终究是舍不得动她,无法将严竹旖口中的强夺,施以在她的身上。
可对付魏钦,还需要多大的心力吗?
卫溪宸审视着自己,审视着被百官称为温润美玉的自己。
是不够了解自己,还是百官都在奉承?
衣摆被绮宝咬破,月白锦缎撕裂破碎。
墨夜不再掩饰它的黑暗。
玉也无完玉。
“打从孤第一眼见到魏钦,就不喜此人。”
听出威胁之意,江吟月退到酒桌外,“卫溪宸,你真令我刮目相看。”
除了疑心重,还很虚伪。
卫溪宸坐回酒桌旁,仰头倚在墙上,一双手搭在敞开的双膝间,少了温雅,多了颓然。
复杂的气韵与那张冠玉面极为突兀。
“孤再怎么弥补,都无济于事,不是吗?”
“是。”
“魏钦留在朝堂一日,孤就不容他一日。”
江吟月很想抓起地上的碎瓷割破他轻描淡写的幽暗淡然。
撕碎体面的争吵,都好过被温声细语粉饰的威胁。
毒蛇吐着信子,就那么钻进她的衣衫,在她的皮肤上留下阵阵凉意。
难怪父亲说,酒桌无真话,朝堂无君子,玩弄权术的心都脏。
口舌之争无意义,江吟月默默转身,走向日光灿灿的门口。
绮宝双耳贴头,尾巴夹在后腿间,垂着脑袋跟在江吟月身边。
随着江吟月走到门口,遮挡住一束束夏晖,酒铺更显阴暗。
卫溪宸靠坐在那儿,被黯澹笼罩。
一人一狗走出侍卫的防护范围时,杜鹃带着救兵赶到。
风风火火的崔诗菡健步上前,扣住江吟月的双肩,“可有事?”
“没事。”
“等我。”
江吟月抓住崔诗菡的手,摇了摇头,“走吧。”
崔家人还是尽量避免与董家人碰撞,于崔氏不利。
卫溪宸要针对的是她和魏钦,没必要再将崔诗菡拉进浑水里。
两个姑娘走在去往寒家面店的小路上。
崔诗菡几次欲言又止,憋不住话的少女捶了捶掌心,“唉!好气啊!”
真想给那人两拳。觊觎臣妻,何谈坦荡?
少女的愤怒写在脸上,江吟月纷乱的思绪被这份义气冲淡。
她挽起崔诗菡的手臂,不愿再揣测崔诗菡对魏钦的态度。
是她多心了吧。
扬州衙署派出的衙役,由魏钦带队,连追三日,寻到了逃窜盐商的落脚点。
报团取暖的一众盐商隐蔽在山洼树林里。
魏钦由盐运司的同僚搀扶,走到山洼最高处的边沿,俯看郁郁葱葱桠枝交错的谷底。
搀扶魏钦的官员名叫唐展,是昔年为数不多能与魏钦搭上话儿的同窗,还与魏钦前后桌。
他们还有一名共同的同窗,如今也在盐运司任职。
两人对魏钦佩服得五体投地,尤其是唐展,逢人便会提及三人的交情。
趁着无外人,小圆脸的唐展嚼起太子舌根,“殿下也真是的,哪有这样折腾伤员的!诶呦呦,魏兄慢点。”

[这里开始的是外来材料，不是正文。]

(* There exist constants $C\ge2$, $K$ and $M$ such that for all integers $k,k'$ with $K\le k<k'\le2k$, setting $c=c(k,k')=e^{-k/2+5k'/6}$, one can transform $\cos(kx)e^{-kt}$ into $c\cos(k'y)e^{-k't}$ within $\mathbb{T}^2\times[0,C]$ via a solution $u$ of $\ddot u+\operatorname{div}(A\nabla u)=0$ with $A$ in the regularity class $R(80,60)$. Moreover, for $t\in[0,C]$, $u=f(t)\cos(kx)+g(t)\cos(k'y)$ with $f,g\in C^2$ satisfying, for $0\le\alpha\le2$, $$|f^{(\alpha)}(t)|\le Mk^{7\alpha/3}e^{-kt},\qquad|g^{(\alpha)}(t)|\le M(k')^\alpha c\,e^{-k't/3};$$ on $[0,\frac1{100}]$, $u=\cos(kx)e^{-kt}$ and $A=\mathrm{Id}$; on $[C-\frac1{100},C]$, $u=c\cos(k'y)e^{-k't}$ and $A=\mathrm{Id}$.
   Context: $\mathbb{T}^2=(\mathbb{R}/2\pi\mathbb{Z})^2$ with coordinates $(x,y)$; $t$ the third coordinate. $\ddot u+\operatorname{div}(A\nabla u)$ means $\partial_t^2u+\sum_{i,j\in\{x,y\}}\partial_i(A_{ij}\partial_ju)$ for a real $2\times2$ matrix function $A$. "Transform $u_1$ into $u_2$ within $\mathbb{T}^2\times[T_1,T_2]$ via $u$" means: $u$ is $C^2$, $A$ is $C^1$, $\ddot u+\operatorname{div}(A\nabla u)=0$ on $\mathbb{T}^2\times\mathbb{R}$, $u=u_1$, $A=\mathrm{Id}$ for $t\le T_1$ and $u=u_2$, $A=\mathrm{Id}$ for $t\ge T_2$. Regularity class $R(\Lambda,C)$: $\Lambda^{-1}|\xi|^2\le\xi^TA\xi\le\Lambda|\xi|^2$ for all $\xi\in\mathbb{R}^2$ at every point, and the entries of $A$ are $C^1$ with all first partial derivatives in $x,y,t$ bounded by $C$ in absolute value. *)

theory Defs
  imports "HOL-Analysis.Analysis"
begin

text \<open>Functions on T^2 x R are represented as functions F x y t of three real
variables that are 2pi-periodic in x and y.  Coordinate indices: 0 = x, 1 = y, 2 = t.\<close>

definition part :: "nat \<Rightarrow> (real \<Rightarrow> real \<Rightarrow> real \<Rightarrow> real) \<Rightarrow> real \<Rightarrow> real \<Rightarrow> real \<Rightarrow> real" where
  "part i F = (\<lambda>x y t. if i = 0 then deriv (\<lambda>s. F s y t) x
                       else if i = 1 then deriv (\<lambda>s. F x s t) y
                       else deriv (\<lambda>s. F x y s) t)"

definition has_partials :: "(real \<Rightarrow> real \<Rightarrow> real \<Rightarrow> real) \<Rightarrow> bool" where
  "has_partials F \<longleftrightarrow> (\<forall>x y t. (\<lambda>s. F s y t) differentiable (at x)
                                \<and> (\<lambda>s. F x s t) differentiable (at y)
                                \<and> (\<lambda>s. F x y s) differentiable (at t))"

definition cont3 :: "(real \<Rightarrow> real \<Rightarrow> real \<Rightarrow> real) \<Rightarrow> bool" where
  "cont3 F \<longleftrightarrow> continuous_on UNIV (\<lambda>p::real \<times> real \<times> real. F (fst p) (fst (snd p)) (snd (snd p)))"

definition C1_fun :: "(real \<Rightarrow> real \<Rightarrow> real \<Rightarrow> real) \<Rightarrow> bool" where
  "C1_fun F \<longleftrightarrow> cont3 F \<and> has_partials F \<and> (\<forall>i<3. cont3 (part i F))"

definition C2_fun :: "(real \<Rightarrow> real \<Rightarrow> real \<Rightarrow> real) \<Rightarrow> bool" where
  "C2_fun F \<longleftrightarrow> C1_fun F \<and> (\<forall>i<3. C1_fun (part i F))"

definition periodic2 :: "(real \<Rightarrow> real \<Rightarrow> real \<Rightarrow> real) \<Rightarrow> bool" where
  "periodic2 F \<longleftrightarrow> (\<forall>x y t. F (x + 2*pi) y t = F x y t \<and> F x (y + 2*pi) t = F x y t)"

text \<open>Matrix fields A :: nat => nat => (x,y,t) => real, entries A i j for i,j < 2.\<close>
definition idmat :: "nat \<Rightarrow> nat \<Rightarrow> real" where
  "idmat i j = (if i = j then 1 else 0)"

definition div_form ::
  "(nat \<Rightarrow> nat \<Rightarrow> real \<Rightarrow> real \<Rightarrow> real \<Rightarrow> real) \<Rightarrow> (real \<Rightarrow> real \<Rightarrow> real \<Rightarrow> real) \<Rightarrow> real \<Rightarrow> real \<Rightarrow> real \<Rightarrow> real" where
  "div_form A u x y t =
     (\<Sum>i<2. \<Sum>j<2. part i (\<lambda>x' y' t'. A i j x' y' t' * part j u x' y' t') x y t)"

definition transforms ::
  "(real \<Rightarrow> real \<Rightarrow> real \<Rightarrow> real) \<Rightarrow> (real \<Rightarrow> real \<Rightarrow> real \<Rightarrow> real) \<Rightarrow> real \<Rightarrow> real \<Rightarrow>
   (real \<Rightarrow> real \<Rightarrow> real \<Rightarrow> real) \<Rightarrow> (nat \<Rightarrow> nat \<Rightarrow> real \<Rightarrow> real \<Rightarrow> real \<Rightarrow> real) \<Rightarrow> bool" where
  "transforms u1 u2 T1 T2 u A \<longleftrightarrow>
     C2_fun u \<and> periodic2 u \<and>
     (\<forall>i<2. \<forall>j<2. C1_fun (A i j) \<and> periodic2 (A i j)) \<and>
     (\<forall>x y t. part 2 (part 2 u) x y t + div_form A u x y t = 0) \<and>
     (\<forall>x y t. t \<le> T1 \<longrightarrow> u x y t = u1 x y t \<and> (\<forall>i<2. \<forall>j<2. A i j x y t = idmat i j)) \<and>
     (\<forall>x y t. t \<ge> T2 \<longrightarrow> u x y t = u2 x y t \<and> (\<forall>i<2. \<forall>j<2. A i j x y t = idmat i j))"

definition regclass :: "real \<Rightarrow> real \<Rightarrow> (nat \<Rightarrow> nat \<Rightarrow> real \<Rightarrow> real \<Rightarrow> real \<Rightarrow> real) \<Rightarrow> bool" where
  "regclass Lam Cb A \<longleftrightarrow>
     (\<forall>x y t. \<forall>\<xi>::nat \<Rightarrow> real.
        (1 / Lam) * ((\<xi> 0)\<^sup>2 + (\<xi> 1)\<^sup>2) \<le> (\<Sum>i<2. \<Sum>j<2. \<xi> i * A i j x y t * \<xi> j) \<and>
        (\<Sum>i<2. \<Sum>j<2. \<xi> i * A i j x y t * \<xi> j) \<le> Lam * ((\<xi> 0)\<^sup>2 + (\<xi> 1)\<^sup>2)) \<and>
     (\<forall>i<2. \<forall>j<2. C1_fun (A i j) \<and> (\<forall>l<3. \<forall>x y t. \<bar>part l (A i j) x y t\<bar> \<le> Cb))"

end

theory Submission
  imports Defs
begin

魏钦一手揽着唐展的肩,一手捂住小腹上的“伤口”,落在其他衙役眼里,多少有点弱不禁风。
可弱不禁风的男子,轻飘飘丢出的话砸在隐匿的“猎物”心中,千斤重击。
“诸位可听过火烧连营?”魏钦倚在唐展肩头,向前倾身,一条长腿踩在山洼最高点的石头上,“恰逢夏日,暑气浓重,草木茂密也干枯,可藏身也可能葬身于此。”
魏钦抬起一根手指,感受风向,“月盈则亏,水满则溢,顺风久了,引火烧身。诸位考虑清楚,一旦风向变了,本官不会给你们逃窜的机会。”
他不喜火,却不介意利用火。
躲避在山洼草木中的盐商和家眷家丁们抬头仰望蓊郁的枝叶,有种自行入瓮的错觉。
不,不是错觉。
为首的几名大盐商面面相觑。
上方的魏钦命衙役们点燃火把,于风中泠泠开腔,“风向变了,诸位可考虑清楚了?十个数内现身。”
“一、二、三……九,放火。”
“且慢!”
一名盐商急匆匆走到空地,抬头望向上方的追兵,咬牙切齿又无可奈何,“魏钦,欺人太甚!”
魏钦唇角一丝轻蔑,“咎由自取,还怪上别人了?拿下!”
一拨拨衙役们沿着盘山路而下。
猎物们甚至没敢反抗。
追捕者占了地形优势,火攻之下,他们毫无胜算!
生意人习惯权衡利弊,更遑论生死抉择间。
押解犯人的队伍浩浩荡荡穿梭在树林里。
乘马的唐展笑道:“咱们这回立了功,可会得到太子殿下的奖赏?犒劳一顿酒水也好啊!”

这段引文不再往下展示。